← Back to Faculty

Faculty headshot of Sioban Keel, MD

Siobán Keel MD

UW Hematology
Assistant Professor

Email: sioban@uw.edu | Phone: 206.685.2196


The Keel Laboratory aims to understand normal and abnormal red blood cell development. As a hematology fellow in the Abkowitz Laboratory at the University of Washington, she characterized the erythroid phenotype of mice lacking the heme export protein, Feline Leukemia virus, subgroup C, Receptor (FLVCR). She and others demonstrated that mice lacking FLVCR develop a severe anemia and block in red blood cell maturation. A current focus in the lab is to determine why red blood cell maturation fails in these mice. Heme serves as the functional group of many proteins, including hemoglobin, myoglobin and cytochromes; it also functions as a signaling molecule and is therefore essential for diverse biological processes.
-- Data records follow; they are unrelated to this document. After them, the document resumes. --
(* Let $\omega\in[n]^*$, $i\in[n]$, and $x\in B^M_\omega:=M_\omega B_\omega$. Then (1) $x-M_\omega e_i\in B^M_\omega$ or $x-M_\omega e_i\le0$ (or both); and (2) $x+M_\omega e_i\in B^M_\omega$ or $x+M_\omega e_i\ge u_\omega$ (or both). Inequalities are coordinatewise.
   Context: Let $[n]=\{1,\dots,n\}$, $e_1,\dots,e_n$ the standard basis of $\mathbb{Z}^n$; $\varepsilon$ is the empty word, $*$ concatenation. For words $\omega$ over $[n]$ define recursively $\delta^i_\omega\in\mathbb{Z}^n$: $\delta^i_\varepsilon=e_i$; $\delta^j_{\omega*j}=\delta^j_\omega$, $\delta^i_{\omega*j}=\delta^i_\omega-\delta^j_\omega$ for $i\ne j$. Let $B_\varepsilon=\{0\}$, $B_{\omega*j}=B_\omega+\{0,\delta^j_\omega\}$ (Minkowski sum). Let $M_\omega=(\delta^1_\omega\ \cdots\ \delta^n_\omega)^{-1}$ (inverse of the matrix with columns $\delta^i_\omega$). For $k\in[n]$ let $D^k=\mathrm{id}+e_k(\mathbb{1}-e_k)^T$ with $\mathbb{1}=(1,\dots,1)^T$. Define $u_\varepsilon=0$, $u_{\omega*j}=e_j+D^j u_\omega$. *)

theory Defs
  imports "HOL-Analysis.Analysis"
begin

(* The alphabet [n] is represented by a finite type 'n (so n = CARD('n)),
   vectors in Z^n by int^'n, words by lists ('n list), with
   \<omega> * j  =  \<omega> @ [j].  The auxiliary "R" functions take the REVERSED word,
   so that the recursion on the last letter becomes primitive recursion. *)

primrec deltaR :: "'n::finite list \<Rightarrow> 'n \<Rightarrow> int^'n" where
  "deltaR [] i = axis i 1"
| "deltaR (j # w) i = (if i = j then deltaR w j else deltaR w i - deltaR w j)"

definition delta :: "'n::finite list \<Rightarrow> 'n \<Rightarrow> int^'n" where
  "delta \<omega> i = deltaR (rev \<omega>) i"

primrec BR :: "'n::finite list \<Rightarrow> (int^'n) set" where
  "BR [] = {0}"
| "BR (j # w) = {b + c | b c. b \<in> BR w \<and> c \<in> {0, deltaR w j}}"

definition B :: "'n::finite list \<Rightarrow> (int^'n) set" where
  "B \<omega> = BR (rev \<omega>)"

definition deltaMat :: "'n::finite list \<Rightarrow> int^'n^'n" where
  "deltaMat \<omega> = (\<chi> a b. delta \<omega> b $ a)"

definition M :: "'n::finite list \<Rightarrow> int^'n^'n" where
  "M \<omega> = matrix_inv (deltaMat \<omega>)"

definition D :: "'n::finite \<Rightarrow> int^'n^'n" where
  "D k = mat 1 + (\<chi> a b. if a = k \<and> b \<noteq> k then 1 else 0)"

primrec uR :: "'n::finite list \<Rightarrow> int^'n" where
  "uR [] = 0"
| "uR (j # w) = axis j 1 + D j *v uR w"

definition u :: "'n::finite list \<Rightarrow> int^'n" where
  "u \<omega> = uR (rev \<omega>)"

definition BM :: "'n::finite list \<Rightarrow> (int^'n) set" where
  "BM \<omega> = (\<lambda>b. M \<omega> *v b) ` B \<omega>"

end

theory Submission
  imports Defs
begin

text \<open>Appending a letter \<open>j\<close> multiplies the matrix of the \<open>\<delta>\<close>'s on the right by
  \<open>1 - N\<^sub>j\<close>, where \<open>D\<^sup>j = 1 + N\<^sub>j\<close> and \<open>N\<^sub>j\<^sup>2 = 0\<close>; hence \<open>M\<^bsub>\<omega>*j\<^esub> = D\<^sup>j M\<^sub>\<omega>\<close>,
  \<open>M\<^sub>\<omega> \<delta>\<^sup>j\<^sub>\<omega> = e\<^sub>j\<close> and \<open>B\<^sup>M\<^bsub>\<omega>*j\<^esub> = D\<^sup>j (B\<^sup>M\<^sub>\<omega> + {0, e\<^sub>j})\<close>, while \<open>u\<^bsub>\<omega>*j\<^esub> = D\<^sup>j (u\<^sub>\<omega> + e\<^sub>j)\<close>.
  Both claims then follow by induction on \<open>\<omega>\<close>: the map \<open>D\<^sup>j\<close> is monotone, fixes \<open>e\<^sub>j\<close>
  and replaces the \<open>j\<close>-th coordinate by the coordinate sum, so for integer vectors
  \<open>v \<le> w\<close>, \<open>v \<noteq> w\<close> it gives \<open>D\<^sup>j (v + e\<^sub>j) \<le> D\<^sup>j w\<close>. This absorbs the extra \<open>e\<^sub>j\<close>
  when the shifted point has left \<open>B\<^sup>M\<^sub>\<omega>\<close> strictly below \<open>0\<close> or strictly above \<open>u\<^sub>\<omega>\<close>;
  the boundary cases \<open>0\<close> and \<open>u\<^sub>\<omega>\<close> lie in \<open>B\<^sup>M\<^sub>\<omega>\<close> themselves.\<close>

lemma matrix_inv_eqI:
  fixes A :: "'a::semiring_1^'n^'m" and A' :: "'a^'m^'n"
  assumes "A ** A' = mat 1" and "A' ** A = mat 1"
  shows "matrix_inv A = A'"
proof -
  let ?P = "\<lambda>C. A ** C = mat 1 \<and> C ** A = mat 1"
  have "?P (matrix_inv A)"
    unfolding matrix_inv_def by (rule someI[of ?P]) (use assms in blast)
  then have "matrix_inv A = matrix_inv A ** (A ** A')"
    using assms by simp
  also have "\<dots> = A'"
    using \<open>?P (matrix_inv A)\<close> by (simp add: matrix_mul_assoc)
  finally show ?thesis .
qed

lemma matrix_add_rdistrib: "((P::'a::semiring_1^'n^'m) + Q) ** R = P ** R + Q ** R"
  by (simp add: vec_eq_iff matrix_matrix_mult_def sum.distrib algebra_simps)

lemma matrix_diff_ldistrib: "(P::'a::ring_1^'n^'m) ** (Q - R) = P ** Q - P ** R"
  by (simp add: vec_eq_iff matrix_matrix_mult_def sum_subtractf algebra_simps)

lemma matrix_diff_rdistrib: "((P::'a::ring_1^'n^'m) - Q) ** R = P ** R - Q ** R"
  by (simp add: vec_eq_iff matrix_matrix_mult_def sum_subtractf algebra_simps)

definition D_nil :: "'n::finite \<Rightarrow> int^'n^'n" where
  "D_nil j = (\<chi> a b. if a = j \<and> b \<noteq> j then 1 else 0)"

lemma D_eq: "D j = mat 1 + D_nil j"
  by (simp add: D_def D_nil_def)

lemma D_nil_square: "D_nil j ** D_nil j = 0"
  by (auto simp: D_nil_def matrix_matrix_mult_def vec_eq_iff intro!: sum.neutral)

lemma D_mult_inverse: "D j ** (mat 1 - D_nil j) = mat 1"
  by (simp add: D_eq matrix_add_rdistrib matrix_diff_ldistrib D_nil_square)

lemma inverse_mult_D: "(mat 1 - D_nil j) ** D j = mat 1"
  by (simp add: D_eq matrix_add_ldistrib matrix_diff_rdistrib D_nil_square)

lemma D_mult_component:
  "(D j *v v) $ k = (if k = j then (\<Sum>a\<in>UNIV. v $ a) else v $ k)"
proof -
  have "(D j *v v) $ k = (\<Sum>a\<in>UNIV. if a = k \<or> k = j \<and> a \<noteq> j then v $ a else 0)"
    by (auto simp: D_def matrix_vector_mult_def mat_def intro!: sum.cong)
  also have "\<dots> = (if k = j then (\<Sum>a\<in>UNIV. v $ a) else v $ k)"
    by (cases "k = j") (auto simp: sum.delta' intro!: sum.cong)
  finally show ?thesis .
qed

lemma D_mult_axis: "D j *v axis j 1 = axis j 1"
  by (auto simp: vec_eq_iff D_mult_component axis_def sum.delta)

lemma D_mult_mono: "v \<le> w \<Longrightarrow> D j *v v \<le> D j *v w"
  by (auto simp: less_eq_vec_def D_mult_component intro: sum_mono)

lemma D_mult_plus_axis_le:
  fixes v w :: "int^'n::finite"
  assumes "v \<le> w" and "v \<noteq> w"
  shows "D j *v (v + axis j 1) \<le> D j *v w"
proof -
  obtain k where "v $ k < w $ k"
    using assms by (auto simp: less_eq_vec_def vec_eq_iff order.order_iff_strict)
  then have "(\<Sum>a\<in>UNIV. v $ a) < (\<Sum>a\<in>UNIV. w $ a)"
    using assms(1) by (intro sum_strict_mono_ex1) (auto simp: less_eq_vec_def)
  moreover have "(\<Sum>a\<in>UNIV. (v + axis j 1) $ a) = (\<Sum>a\<in>UNIV. v $ a) + 1"
    by (simp add: sum.distrib axis_def)
  ultimately show ?thesis
    using assms(1) by (auto simp: less_eq_vec_def D_mult_component axis_def)
qed

lemma delta_snoc:
  "delta (w @ [j]) i = (if i = j then delta w j else delta w i - delta w j)"
  by (simp add: delta_def)

lemma deltaMat_Nil: "deltaMat [] = mat 1"
  by (auto simp: deltaMat_def delta_def mat_def vec_eq_iff axis_def)

lemma deltaMat_snoc: "deltaMat (w @ [j]) = deltaMat w ** (mat 1 - D_nil j)"
proof -
  have "(deltaMat w ** D_nil j) $ a $ b = (if b \<noteq> j then delta w j $ a else 0)" for a b
    by (simp add: matrix_matrix_mult_def deltaMat_def D_nil_def if_distrib sum.delta
        cong: if_cong)
  then show ?thesis
    by (auto simp: matrix_diff_ldistrib vec_eq_iff) (simp_all add: deltaMat_def delta_snoc)
qed

lemma deltaMat_mult_axis: "deltaMat w *v axis j 1 = delta w j"
  by (simp add: deltaMat_def matrix_vector_mult_def vec_eq_iff axis_def if_distrib
      cong: if_cong)

lemma M_Nil: "M [] = mat 1"
  by (simp add: M_def deltaMat_Nil matrix_inv_eqI)

lemma deltaMat_snoc_inverse:
  assumes "P ** deltaMat w = mat 1" and "deltaMat w ** P = mat 1"
  shows "deltaMat (w @ [j]) ** (D j ** P) = mat 1" and "(D j ** P) ** deltaMat (w @ [j]) = mat 1"
proof -
  have "deltaMat (w @ [j]) ** (D j ** P) = deltaMat w ** ((mat 1 - D_nil j) ** D j) ** P"
    by (simp add: deltaMat_snoc matrix_mul_assoc)
  then show "deltaMat (w @ [j]) ** (D j ** P) = mat 1"
    using assms(2) by (simp add: inverse_mult_D)
  have "(D j ** P) ** deltaMat (w @ [j]) = D j ** (P ** deltaMat w) ** (mat 1 - D_nil j)"
    by (simp add: deltaMat_snoc matrix_mul_assoc)
  then show "(D j ** P) ** deltaMat (w @ [j]) = mat 1"
    using assms(1) by (simp add: D_mult_inverse)
qed

lemma M_inverse: "M w ** deltaMat w = mat 1 \<and> deltaMat w ** M w = mat 1"
proof (induction w rule: rev_induct)
  case Nil
  show ?case by (simp add: M_Nil deltaMat_Nil)
next
  case (snoc j w)
  then have "M (w @ [j]) = D j ** M w"
    unfolding M_def[of "w @ [j]"] by (intro matrix_inv_eqI deltaMat_snoc_inverse) auto
  with snoc show ?case by (simp add: deltaMat_snoc_inverse)
qed

lemma M_snoc: "M (w @ [j]) = D j ** M w"
  unfolding M_def[of "w @ [j]"] using M_inverse[of w]
  by (intro matrix_inv_eqI deltaMat_snoc_inverse) auto

lemma M_mult_delta: "M w *v delta w j = axis j 1"
  using M_inverse[of w] by (simp add: matrix_vector_mul_assoc flip: deltaMat_mult_axis)

lemma B_snoc: "B (w @ [j]) = {b + c | b c. b \<in> B w \<and> c \<in> {0, delta w j}}"
  by (simp add: B_def delta_def)

lemma BM_Nil: "BM [] = {0}"
  by (simp add: BM_def B_def)

lemma mem_BM_snoc_iff:
  "x \<in> BM (w @ [j]) \<longleftrightarrow> (\<exists>y\<in>BM w. \<exists>c\<in>{0, axis j 1}. x = D j *v (y + c))"
proof -
  have distrib: "M (w @ [j]) *v (b + c) = D j *v (M w *v b + M w *v c)" for b c
    by (simp add: M_snoc matrix_vector_mul_assoc matrix_vector_right_distrib)
  have "x \<in> BM (w @ [j]) \<longleftrightarrow> (\<exists>b\<in>B w. \<exists>c\<in>{0, delta w j}. x = M (w @ [j]) *v (b + c))"
    unfolding BM_def B_snoc by blast
  also have "\<dots> \<longleftrightarrow> (\<exists>b\<in>B w. \<exists>c\<in>{0, delta w j}. x = D j *v (M w *v b + M w *v c))"
    by (simp only: distrib)
  also have "\<dots> \<longleftrightarrow> (\<exists>y\<in>BM w. \<exists>c\<in>{0, axis j 1}. x = D j *v (y + c))"
    unfolding BM_def using M_mult_delta[of w j] by auto
  finally show ?thesis .
qed

lemma zero_in_BM: "0 \<in> BM w"
proof -
  have "0 \<in> B w"
  proof (induction w rule: rev_induct)
    case (snoc j w)
    then show ?case unfolding B_snoc by force
  qed (simp add: B_def)
  then show ?thesis
    unfolding BM_def by (rule rev_image_eqI) simp
qed

lemma u_snoc: "u (w @ [j]) = D j *v (u w + axis j 1)"
  by (simp add: u_def matrix_vector_right_distrib D_mult_axis add.commute)

lemma u_in_BM: "u w \<in> BM w"
proof (induction w rule: rev_induct)
  case Nil
  show ?case by (simp add: u_def BM_Nil)
next
  case (snoc j w)
  then show ?case by (auto simp: mem_BM_snoc_iff u_snoc)
qed

lemma snoc_in_BM_or_nonpos:
  assumes "z \<in> BM w \<or> z \<le> 0" and "c \<in> {0, axis j 1}"
  shows "D j *v (z + c) \<in> BM (w @ [j]) \<or> D j *v (z + c) \<le> 0"
proof (cases "z \<in> BM w")
  case True
  then show ?thesis using assms(2) unfolding mem_BM_snoc_iff by blast
next
  case False
  with assms(1) have "z \<le> 0" by blast
  consider "c = 0" | "z = 0" | "c = axis j 1" "z \<noteq> 0"
    using assms(2) by blast
  then show ?thesis
  proof cases
    case 1
    then show ?thesis using D_mult_mono[OF \<open>z \<le> 0\<close>, of j] by simp
  next
    case 2
    then show ?thesis using zero_in_BM assms(2) unfolding mem_BM_snoc_iff by blast
  next
    case 3
    then show ?thesis using D_mult_plus_axis_le[OF \<open>z \<le> 0\<close>, of j] by simp
  qed
qed

lemma snoc_in_BM_or_ge_u:
  assumes "z \<in> BM w \<or> u w \<le> z" and "c \<in> {0, axis j 1}"
  shows "D j *v (z + c) \<in> BM (w @ [j]) \<or> u (w @ [j]) \<le> D j *v (z + c)"
proof (cases "z \<in> BM w")
  case True
  then show ?thesis using assms(2) unfolding mem_BM_snoc_iff by blast
next
  case False
  with assms(1) have "u w \<le> z" by blast
  consider "c = axis j 1" | "z = u w" | "c = 0" "z \<noteq> u w"
    using assms(2) by blast
  then show ?thesis
  proof cases
    case 1
    have "u w + axis j 1 \<le> z + axis j 1"
      using \<open>u w \<le> z\<close> by (simp add: less_eq_vec_def)
    then show ?thesis using 1 D_mult_mono[of _ _ j] by (simp add: u_snoc)
  next
    case 2
    then show ?thesis using u_in_BM assms(2) unfolding mem_BM_snoc_iff by blast
  next
    case 3
    then show ?thesis using D_mult_plus_axis_le[OF \<open>u w \<le> z\<close>, of j] by (simp add: u_snoc)
  qed
qed

lemma BM_minus_M_axis:
  "x \<in> BM w \<Longrightarrow> x - M w *v axis i 1 \<in> BM w \<or> x - M w *v axis i 1 \<le> 0"
proof (induction w arbitrary: x rule: rev_induct)
  case Nil
  then show ?case by (auto simp: BM_Nil M_Nil less_eq_vec_def axis_def)
next
  case (snoc j w)
  then obtain y c where "y \<in> BM w" "c \<in> {0, axis j 1}" "x = D j *v (y + c)"
    unfolding mem_BM_snoc_iff by blast
  moreover have "D j *v (y + c) - M (w @ [j]) *v axis i 1
                 = D j *v ((y - M w *v axis i 1) + c)"
    by (simp add: M_snoc algebra_simps flip: matrix_vector_mul_assoc)
  ultimately show ?case
    using snoc.IH snoc_in_BM_or_nonpos by metis
qed

lemma BM_plus_M_axis:
  "x \<in> BM w \<Longrightarrow> x + M w *v axis i 1 \<in> BM w \<or> u w \<le> x + M w *v axis i 1"
proof (induction w arbitrary: x rule: rev_induct)
  case Nil
  then show ?case by (auto simp: BM_Nil M_Nil u_def less_eq_vec_def axis_def)
next
  case (snoc j w)
  then obtain y c where "y \<in> BM w" "c \<in> {0, axis j 1}" "x = D j *v (y + c)"
    unfolding mem_BM_snoc_iff by blast
  moreover have "D j *v (y + c) + M (w @ [j]) *v axis i 1
                 = D j *v ((y + M w *v axis i 1) + c)"
    by (simp add: M_snoc algebra_simps flip: matrix_vector_mul_assoc)
  ultimately show ?case
    using snoc.IH snoc_in_BM_or_ge_u by metis
qed

theorem lemma3p4:
  fixes \<omega> :: "'n::finite list" and i :: 'n and x :: "int^'n"
  assumes "x \<in> BM \<omega>"
  shows "(x - M \<omega> *v axis i 1 \<in> BM \<omega> \<or> (\<forall>k. (x - M \<omega> *v axis i 1) $ k \<le> 0))
       \<and> (x + M \<omega> *v axis i 1 \<in> BM \<omega> \<or> (\<forall>k. (x + M \<omega> *v axis i 1) $ k \<ge> u \<omega> $ k))"
  using BM_minus_M_axis[OF assms, of i] BM_plus_M_axis[OF assms, of i]
  by (simp add: less_eq_vec_def)

end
However, heme that is not bound to proteins is potentially toxic to cells as it can promote the generation of reactive oxygen species. Thus, heme homeostasis is likely tightly controlled at the level of synthesis, degradation, and use (including export). This research should lend insight into how red blood cells maintain heme balance in the setting of high heme requirements for hemoglobin and the pathologic consequences of perturbing this homeostasis. A second and new focus of research in the Keel Laboratory is to determine the role of the sodium-phosphate import protein, PiT-1, in hematopoiesis. Phosphate is the second most abundant mineral in the human body and plays an essential role in phospholipids, nucleoproteins and nucleic acids, bone mineralization, the storage and liberation of metabolic energy, and enzyme activities. While our understanding of the mechanisms of phosphate homeostasis has advanced, little is known about how the body initially senses changes in phosphate concentration nor the downstream biological processes regulated by these concentration changes. This work may contribute to the emerging hypothesis that phosphate acts as a signaling molecule which modulates cell proliferation via PiT-1.